## REQUIRED WORK
Reproduce the opening lines of the records exactly, up to and including the line in which "k - y (k - 1))^2" occurs.

## DATA SUPPLIED
(* Let $F:\mathbb{R}^p\to\mathbb{R}^p$ be single-valued with $\mathrm{zer}\,F\neq\emptyset$, $L$-Lipschitz continuous, and suppose there exist $x^\star\in\mathrm{zer}\,F$ and $\rho\ge0$ such that $\langle Fx,x-x^\star\rangle\ge-\rho\|Fx\|^2$ for all $x\in\mathrm{dom}\,F$. Let $\kappa_1,\kappa_2\ge0$, $\beta\in(0,1]$, $\eta>0$, and let $\{(x^k,y^k)\}$ be generated by: start from $x^0\in\mathrm{dom}\,F$, set $x^{-1}=y^{-1}:=x^0$, and for $k\ge0$ $$y^k:=x^k-\tfrac{\eta}{\beta}u^k,\qquad x^{k+1}:=x^k-\eta Fy^k,$$ where $u^k\in\mathbb{R}^p$ satisfies $\|Fx^k-u^k\|^2\le\kappa_1\|Fx^k-Fy^{k-1}\|^2+\kappa_2\|Fx^k-Fx^{k-1}\|^2$. For $\gamma>0$ and $r>0$ define $$\mathcal{P}_k:=\|x^k-x^\star\|^2+\tfrac{\kappa_1(1+r)L^2\eta^2}{r\gamma}\|x^k-y^{k-1}\|^2+\tfrac{\kappa_2(1+r)L^2\eta^2}{r\gamma}\|x^k-x^{k-1}\|^2.$$ Then for any $s>0$, $\mu\in[0,1]$ and $k\ge0$, $$\begin{aligned}\mathcal{P}_{k+1}\le{}&\mathcal{P}_k-\Big(\beta-\tfrac{(1+r)L^2\eta^2}{\gamma}-\tfrac{2\mu\rho(1+s)}{s\eta}\Big)\|y^k-x^k\|^2\\&-\Big(\beta-\gamma-\tfrac{\kappa_1(1+r)L^2\eta^2}{r\gamma}-\tfrac{2\mu\rho(1+s)}{\eta}\Big)\|x^{k+1}-y^k\|^2\\&-\Big(1-\beta-\tfrac{\kappa_2(1+r)L^2\eta^2}{r\gamma}-\tfrac{2(1-\mu)\rho}{\eta}\Big)\|x^{k+1}-x^k\|^2.\end{aligned}$$
   Context: $\mathrm{zer}\,F:=\{x:Fx=0\}$. $F$ is $L$-Lipschitz if $\|Fx-Fy\|\le L\|x-y\|$ for all $x,y\in\mathrm{dom}\,F$. *)

theory Defs
  imports "HOL-Analysis.Analysis"
begin

definition zer :: "('a \<Rightarrow> 'b::zero) \<Rightarrow> 'a set" where
  "zer F = {x. F x = 0}"

text \<open>Potential function P_k (iterates indexed by int, k >= 0, with x(-1), y(-1) given).\<close>
definition Pot :: "real \<Rightarrow> real \<Rightarrow> real \<Rightarrow> real \<Rightarrow> real \<Rightarrow> real \<Rightarrow> 'a::real_normed_vector
    \<Rightarrow> (int \<Rightarrow> 'a) \<Rightarrow> (int \<Rightarrow> 'a) \<Rightarrow> int \<Rightarrow> real" where
  "Pot \<kappa>1 \<kappa>2 L \<eta> r \<gamma> xs x y k =
     norm (x k - xs)^2
     + \<kappa>1 * (1 + r) * L^2 * \<eta>^2 / (r * \<gamma>) * norm (x k - y (k - 1))^2
     + \<kappa>2 * (1 + r) * L^2 * \<eta>^2 / (r * \<gamma>) * norm (x k - x (k - 1))^2"

end

theory Submission
  imports Defs
begin

text \<open>
  Write a = x k, b = y k and c = x (k + 1), so that c = a - \<eta> F b and \<beta> (a - b) = \<eta> u k.
  Expanding norm (c - xs)^2 gives an exact identity whose only indefinite terms are
  -2 \<eta> <F b, b - xs>, bounded via the weak Minty condition by (2 \<rho> / \<eta>) norm (c - a)^2, and
  2 \<eta> <u k - F b, c - b>, bounded by Young's inequality with weight \<gamma>.
  Splitting u k - F b at F a with weight r, Lipschitz continuity turns norm (F a - F b)^2 into
  L^2 norm (a - b)^2, while the hypothesis on u k bounds norm (F a - u k)^2 by exactly the two
  terms carried in the potential.  Finally a \<mu>-fraction of the Minty term is redistributed onto
  norm (c - b)^2 and norm (b - a)^2 with weight s.
\<close>

lemma inner_le_Young:
  fixes p q :: "'a::real_inner"
  assumes "t > 0"
  shows "2 * inner p q \<le> t * norm p^2 + norm q^2 / t"
proof -
  have "0 \<le> norm (t *\<^sub>R p - q)^2 / t"
    using assms by simp
  also have "\<dots> = t * norm p^2 - 2 * inner p q + norm q^2 / t"
    using assms unfolding power2_norm_eq_inner
    by (simp add: inner_simps inner_commute field_simps)
  finally show ?thesis
    by simp
qed

lemma norm_add_power2_le:
  fixes p q :: "'a::real_inner"
  assumes "t > 0"
  shows "norm (p + q)^2 \<le> (1 + t) * norm p^2 + (1 + 1 / t) * norm q^2"
proof -
  have "norm (p + q)^2 = norm p^2 + 2 * inner p q + norm q^2"
    unfolding power2_norm_eq_inner by (simp add: inner_simps inner_commute)
  with inner_le_Young[OF assms, of p q] show ?thesis
    by (simp add: algebra_simps)
qed

lemma lipschitz_on_power2_normD:
  assumes "L-lipschitz_on X f" "x \<in> X" "y \<in> X"
  shows "norm (f x - f y)^2 \<le> L^2 * norm (x - y)^2"
proof -
  have "norm (f x - f y) \<le> L * norm (x - y)"
    using lipschitz_on_normD[OF assms] .
  then show ?thesis
    by (metis norm_ge_zero power_mono power_mult_distrib)
qed

lemma step_distance_identity:
  fixes a b c v w xs :: "'a::real_inner" and \<beta> \<eta> :: real
  assumes c: "c = a - \<eta> *\<^sub>R w" and v: "\<beta> *\<^sub>R (a - b) = \<eta> *\<^sub>R v"
  shows "norm (c - xs)^2 = norm (a - xs)^2 - (1 - \<beta>) * norm (c - a)^2 - \<beta> * norm (b - a)^2
    - \<beta> * norm (c - b)^2 - 2 * \<eta> * inner w (b - xs) + 2 * inner (\<eta> *\<^sub>R (v - w)) (c - b)"
proof -
  have "inner (\<eta> *\<^sub>R (v - w)) (c - b) = \<beta> * inner (a - b) (c - b) - \<eta> * inner w (c - b)"
    using v by (metis inner_diff_left inner_scaleR_left scaleR_diff_right)
  then show ?thesis
    unfolding c power2_norm_eq_inner by (simp add: inner_simps inner_commute algebra_simps)
qed

lemma step_distance_estimate:
  fixes a b c v xs :: "'a::real_inner" and F :: "'a \<Rightarrow> 'a"
  assumes c: "c = a - \<eta> *\<^sub>R F b" and v: "\<beta> *\<^sub>R (a - b) = \<eta> *\<^sub>R v"
    and weak_mvi: "inner (F b) (b - xs) \<ge> - \<rho> * norm (F b)^2"
    and "\<eta> > 0" "\<gamma> > 0"
  shows "norm (c - xs)^2 \<le> norm (a - xs)^2 - (1 - \<beta> - 2 * \<rho> / \<eta>) * norm (c - a)^2
    - \<beta> * norm (b - a)^2 - (\<beta> - \<gamma>) * norm (c - b)^2 + \<eta>^2 / \<gamma> * norm (v - F b)^2"
proof -
  have step_length: "norm (c - a)^2 = \<eta>^2 * norm (F b)^2"
    using \<open>\<eta> > 0\<close> by (simp add: c power_mult_distrib)
  have "- 2 * \<eta> * inner (F b) (b - xs) \<le> 2 * \<eta> * (\<rho> * norm (F b)^2)"
    using mult_left_mono[OF weak_mvi, of \<eta>] \<open>\<eta> > 0\<close> by simp
  also have "\<dots> = 2 * \<rho> / \<eta> * norm (c - a)^2"
    unfolding step_length using \<open>\<eta> > 0\<close> by (simp add: power2_eq_square)
  finally have mvi_term: "- 2 * \<eta> * inner (F b) (b - xs) \<le> 2 * \<rho> / \<eta> * norm (c - a)^2" .
  have "2 * inner (\<eta> *\<^sub>R (v - F b)) (c - b) \<le> norm (\<eta> *\<^sub>R (v - F b))^2 / \<gamma> + \<gamma> * norm (c - b)^2"
    using inner_le_Young[of "1 / \<gamma>" "\<eta> *\<^sub>R (v - F b)" "c - b"] \<open>\<gamma> > 0\<close>
    by (simp add: mult.commute)
  also have "\<dots> = \<eta>^2 / \<gamma> * norm (v - F b)^2 + \<gamma> * norm (c - b)^2"
    using \<open>\<eta> > 0\<close> by (simp add: power_mult_distrib)
  finally have error_term: "2 * inner (\<eta> *\<^sub>R (v - F b)) (c - b)
      \<le> \<eta>^2 / \<gamma> * norm (v - F b)^2 + \<gamma> * norm (c - b)^2" .
  show ?thesis
    using step_distance_identity[OF c v, of xs] mvi_term error_term by (simp add: algebra_simps)
qed

lemma operator_error_bound:
  fixes F :: "'a::real_inner \<Rightarrow> 'a"
  assumes Lip: "L-lipschitz_on UNIV F"
    and err: "norm (F a - v)^2 \<le> \<kappa>1 * norm (F a - F b')^2 + \<kappa>2 * norm (F a - F a')^2"
    and "\<kappa>1 \<ge> 0" "\<kappa>2 \<ge> 0" "r > 0"
  shows "norm (v - F b)^2 \<le> (1 + r) * L^2 * norm (b - a)^2
    + (1 + 1 / r) * (\<kappa>1 * L^2 * norm (a - b')^2 + \<kappa>2 * L^2 * norm (a - a')^2)"
proof -
  have "norm (v - F b)^2 = norm ((F a - F b) - (F a - v))^2"
    by (simp add: algebra_simps)
  also have "\<dots> \<le> (1 + r) * norm (F a - F b)^2 + (1 + 1 / r) * norm (F a - v)^2"
    using norm_add_power2_le[OF \<open>r > 0\<close>, of "F a - F b" "v - F a"] by (simp add: norm_minus_commute)
  also have "\<dots> \<le> (1 + r) * (L^2 * norm (b - a)^2)
      + (1 + 1 / r) * (\<kappa>1 * (L^2 * norm (a - b')^2) + \<kappa>2 * (L^2 * norm (a - a')^2))"
  proof (intro add_mono mult_left_mono)
    show "norm (F a - F b)^2 \<le> L^2 * norm (b - a)^2"
      using lipschitz_on_power2_normD[OF Lip] by (simp add: norm_minus_commute)
    show "norm (F a - v)^2 \<le> \<kappa>1 * (L^2 * norm (a - b')^2) + \<kappa>2 * (L^2 * norm (a - a')^2)"
      using err by (rule order_trans) (intro add_mono mult_left_mono lipschitz_on_power2_normD[OF Lip]
          UNIV_I \<open>\<kappa>1 \<ge> 0\<close> \<open>\<kappa>2 \<ge> 0\<close>)
  qed (use \<open>r > 0\<close> in auto)
  finally show ?thesis
    by (simp add: algebra_simps)
qed

lemma one_step_potential_descent:
  fixes F :: "'a::real_inner \<Rightarrow> 'a" and a a' b b' c v xs :: 'a
  assumes Lip: "L-lipschitz_on UNIV F"
    and weak_mvi: "inner (F b) (b - xs) \<ge> - \<rho> * norm (F b)^2"
    and b: "b = a - (\<eta> / \<beta>) *\<^sub>R v" and c: "c = a - \<eta> *\<^sub>R F b"
    and err: "norm (F a - v)^2 \<le> \<kappa>1 * norm (F a - F b')^2 + \<kappa>2 * norm (F a - F a')^2"
    and "\<rho> \<ge> 0" "\<kappa>1 \<ge> 0" "\<kappa>2 \<ge> 0" "\<beta> > 0" "\<eta> > 0" "\<gamma> > 0" "r > 0" "s > 0" "\<mu> \<ge> 0"
  shows "norm (c - xs)^2
      + \<kappa>1 * (1 + r) * L^2 * \<eta>^2 / (r * \<gamma>) * norm (c - b)^2
      + \<kappa>2 * (1 + r) * L^2 * \<eta>^2 / (r * \<gamma>) * norm (c - a)^2
    \<le> norm (a - xs)^2
      + \<kappa>1 * (1 + r) * L^2 * \<eta>^2 / (r * \<gamma>) * norm (a - b')^2
      + \<kappa>2 * (1 + r) * L^2 * \<eta>^2 / (r * \<gamma>) * norm (a - a')^2
      - (\<beta> - (1 + r) * L^2 * \<eta>^2 / \<gamma> - 2 * \<mu> * \<rho> * (1 + s) / (s * \<eta>)) * norm (b - a)^2
      - (\<beta> - \<gamma> - \<kappa>1 * (1 + r) * L^2 * \<eta>^2 / (r * \<gamma>) - 2 * \<mu> * \<rho> * (1 + s) / \<eta>) * norm (c - b)^2
      - (1 - \<beta> - \<kappa>2 * (1 + r) * L^2 * \<eta>^2 / (r * \<gamma>) - 2 * (1 - \<mu>) * \<rho> / \<eta>) * norm (c - a)^2"
proof -
  have v: "\<beta> *\<^sub>R (a - b) = \<eta> *\<^sub>R v"
    using \<open>\<beta> > 0\<close> by (simp add: b)
  have "\<eta>^2 / \<gamma> * norm (v - F b)^2 \<le> \<eta>^2 / \<gamma> * ((1 + r) * L^2 * norm (b - a)^2
      + (1 + 1 / r) * (\<kappa>1 * L^2 * norm (a - b')^2 + \<kappa>2 * L^2 * norm (a - a')^2))"
    using operator_error_bound[OF Lip err \<open>\<kappa>1 \<ge> 0\<close> \<open>\<kappa>2 \<ge> 0\<close> \<open>r > 0\<close>]
    by (rule mult_left_mono) (use \<open>\<gamma> > 0\<close> in simp)
  also have "\<dots> = (1 + r) * L^2 * \<eta>^2 / \<gamma> * norm (b - a)^2
      + \<kappa>1 * (1 + r) * L^2 * \<eta>^2 / (r * \<gamma>) * norm (a - b')^2
      + \<kappa>2 * (1 + r) * L^2 * \<eta>^2 / (r * \<gamma>) * norm (a - a')^2"
    using \<open>r > 0\<close> \<open>\<gamma> > 0\<close> by (simp add: field_simps)
  finally have scaled_error: "\<eta>^2 / \<gamma> * norm (v - F b)^2 \<le> \<dots>" .
  have "2 * \<mu> * \<rho> / \<eta> * norm (c - a)^2
      \<le> 2 * \<mu> * \<rho> / \<eta> * ((1 + s) * norm (c - b)^2 + (1 + 1 / s) * norm (b - a)^2)"
    using norm_add_power2_le[OF \<open>s > 0\<close>, of "c - b" "b - a"] \<open>\<rho> \<ge> 0\<close> \<open>\<eta> > 0\<close> \<open>\<mu> \<ge> 0\<close>
    by (intro mult_left_mono) auto
  also have "\<dots> = 2 * \<mu> * \<rho> * (1 + s) / \<eta> * norm (c - b)^2
      + 2 * \<mu> * \<rho> * (1 + s) / (s * \<eta>) * norm (b - a)^2"
    using \<open>s > 0\<close> \<open>\<eta> > 0\<close> by (simp add: field_simps)
  finally have scaled_split: "2 * \<mu> * \<rho> / \<eta> * norm (c - a)^2 \<le> \<dots>" .
  have mu_split: "2 * \<rho> / \<eta> * norm (c - a)^2
      = 2 * \<mu> * \<rho> / \<eta> * norm (c - a)^2 + 2 * (1 - \<mu>) * \<rho> / \<eta> * norm (c - a)^2"
    by (simp add: algebra_simps add_divide_distrib[symmetric])
  show ?thesis
    using step_distance_estimate[where F = F, OF c v weak_mvi \<open>\<eta> > 0\<close> \<open>\<gamma> > 0\<close>]
      scaled_error scaled_split mu_split
    unfolding left_diff_distrib by linarith
qed

theorem lemma2:
  fixes F :: "real ^ 'p \<Rightarrow> real ^ 'p"
    and x y u :: "int \<Rightarrow> real ^ 'p"
    and xs :: "real ^ 'p"
    and L \<rho> \<kappa>1 \<kappa>2 \<beta> \<eta> \<gamma> r s \<mu> :: real
    and k :: int
  assumes zer_ne: "zer F \<noteq> {}"
    and Lip: "L-lipschitz_on UNIV F"
    and xs_zer: "xs \<in> zer F"
    and rho: "\<rho> \<ge> 0"
    and weak_mvi: "\<And>z. inner (F z) (z - xs) \<ge> - \<rho> * norm (F z)^2"
    and k1: "\<kappa>1 \<ge> 0" and k2: "\<kappa>2 \<ge> 0"
    and beta: "0 < \<beta>" "\<beta> \<le> 1"
    and eta: "\<eta> > 0"
    and init_x: "x (-1) = x 0" and init_y: "y (-1) = x 0"
    and y_def: "\<And>j. j \<ge> 0 \<Longrightarrow> y j = x j - (\<eta> / \<beta>) *\<^sub>R u j"
    and x_def: "\<And>j. j \<ge> 0 \<Longrightarrow> x (j + 1) = x j - \<eta> *\<^sub>R F (y j)"
    and u_err: "\<And>j. j \<ge> 0 \<Longrightarrow> norm (F (x j) - u j)^2
                  \<le> \<kappa>1 * norm (F (x j) - F (y (j - 1)))^2 + \<kappa>2 * norm (F (x j) - F (x (j - 1)))^2"
    and gamma: "\<gamma> > 0" and r: "r > 0"
    and s: "s > 0" and mu: "0 \<le> \<mu>" "\<mu> \<le> 1"
    and k: "k \<ge> 0"
  shows "Pot \<kappa>1 \<kappa>2 L \<eta> r \<gamma> xs x y (k + 1)
    \<le> Pot \<kappa>1 \<kappa>2 L \<eta> r \<gamma> xs x y k
       - (\<beta> - (1 + r) * L^2 * \<eta>^2 / \<gamma> - 2 * \<mu> * \<rho> * (1 + s) / (s * \<eta>)) * norm (y k - x k)^2
       - (\<beta> - \<gamma> - \<kappa>1 * (1 + r) * L^2 * \<eta>^2 / (r * \<gamma>) - 2 * \<mu> * \<rho> * (1 + s) / \<eta>) * norm (x (k + 1) - y k)^2
       - (1 - \<beta> - \<kappa>2 * (1 + r) * L^2 * \<eta>^2 / (r * \<gamma>) - 2 * (1 - \<mu>) * \<rho> / \<eta>) * norm (x (k + 1) - x k)^2"
proof -
  \<comment> \<open>Only step k enters; F xs = 0, \<beta> \<le> 1, \<mu> \<le> 1 and the values at index -1 are not needed.\<close>
  have "y k = x k - (\<eta> / \<beta>) *\<^sub>R u k" "x (k + 1) = x k - \<eta> *\<^sub>R F (y k)"
    using y_def x_def k by auto
  from one_step_potential_descent[OF Lip weak_mvi this u_err[OF k] rho k1 k2 beta(1) eta gamma r s mu(1)]
  show ?thesis
    unfolding Pot_def by simp
qed

end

## ANSWER BOX
(* Let $F:\mathbb{R}^p\to\mathbb{R}^p$ be single-valued with $\mathrm{zer}\,F\neq\emptyset$, $L$-Lipschitz continuous, and suppose there exist $x^\star\in\mathrm{zer}\,F$ and $\rho\ge0$ such that $\langle Fx,x-x^\star\rangle\ge-\rho\|Fx\|^2$ for all $x\in\mathrm{dom}\,F$. Let $\kappa_1,\kappa_2\ge0$, $\beta\in(0,1]$, $\eta>0$, and let $\{(x^k,y^k)\}$ be generated by: start from $x^0\in\mathrm{dom}\,F$, set $x^{-1}=y^{-1}:=x^0$, and for $k\ge0$ $$y^k:=x^k-\tfrac{\eta}{\beta}u^k,\qquad x^{k+1}:=x^k-\eta Fy^k,$$ where $u^k\in\mathbb{R}^p$ satisfies $\|Fx^k-u^k\|^2\le\kappa_1\|Fx^k-Fy^{k-1}\|^2+\kappa_2\|Fx^k-Fx^{k-1}\|^2$. For $\gamma>0$ and $r>0$ define $$\mathcal{P}_k:=\|x^k-x^\star\|^2+\tfrac{\kappa_1(1+r)L^2\eta^2}{r\gamma}\|x^k-y^{k-1}\|^2+\tfrac{\kappa_2(1+r)L^2\eta^2}{r\gamma}\|x^k-x^{k-1}\|^2.$$ Then for any $s>0$, $\mu\in[0,1]$ and $k\ge0$, $$\begin{aligned}\mathcal{P}_{k+1}\le{}&\mathcal{P}_k-\Big(\beta-\tfrac{(1+r)L^2\eta^2}{\gamma}-\tfrac{2\mu\rho(1+s)}{s\eta}\Big)\|y^k-x^k\|^2\\&-\Big(\beta-\gamma-\tfrac{\kappa_1(1+r)L^2\eta^2}{r\gamma}-\tfrac{2\mu\rho(1+s)}{\eta}\Big)\|x^{k+1}-y^k\|^2\\&-\Big(1-\beta-\tfrac{\kappa_2(1+r)L^2\eta^2}{r\gamma}-\tfrac{2(1-\mu)\rho}{\eta}\Big)\|x^{k+1}-x^k\|^2.\end{aligned}$$
   Context: $\mathrm{zer}\,F:=\{x:Fx=0\}$. $F$ is $L$-Lipschitz if $\|Fx-Fy\|\le L\|x-y\|$ for all $x,y\in\mathrm{dom}\,F$. *)

theory Defs
  imports "HOL-Analysis.Analysis"
begin

definition zer :: "('a \<Rightarrow> 'b::zero) \<Rightarrow> 'a set" where
  "zer F = {x. F x = 0}"

text \<open>Potential function P_k (iterates indexed by int, k >= 0, with x(-1), y(-1) given).\<close>
definition Pot :: "real \<Rightarrow> real \<Rightarrow> real \<Rightarrow> real \<Rightarrow> real \<Rightarrow> real \<Rightarrow> 'a::real_normed_vector
    \<Rightarrow> (int \<Rightarrow> 'a) \<Rightarrow> (int \<Rightarrow> 'a) \<Rightarrow> int \<Rightarrow> real" where
  "Pot \<kappa>1 \<kappa>2 L \<eta> r \<gamma> xs x y k =
     norm (x k - xs)^2
     + \<kappa>1 * (1 + r) * L^2 * \<eta>^2 / (r * \<gamma>) * norm (x k - y (k - 1))^2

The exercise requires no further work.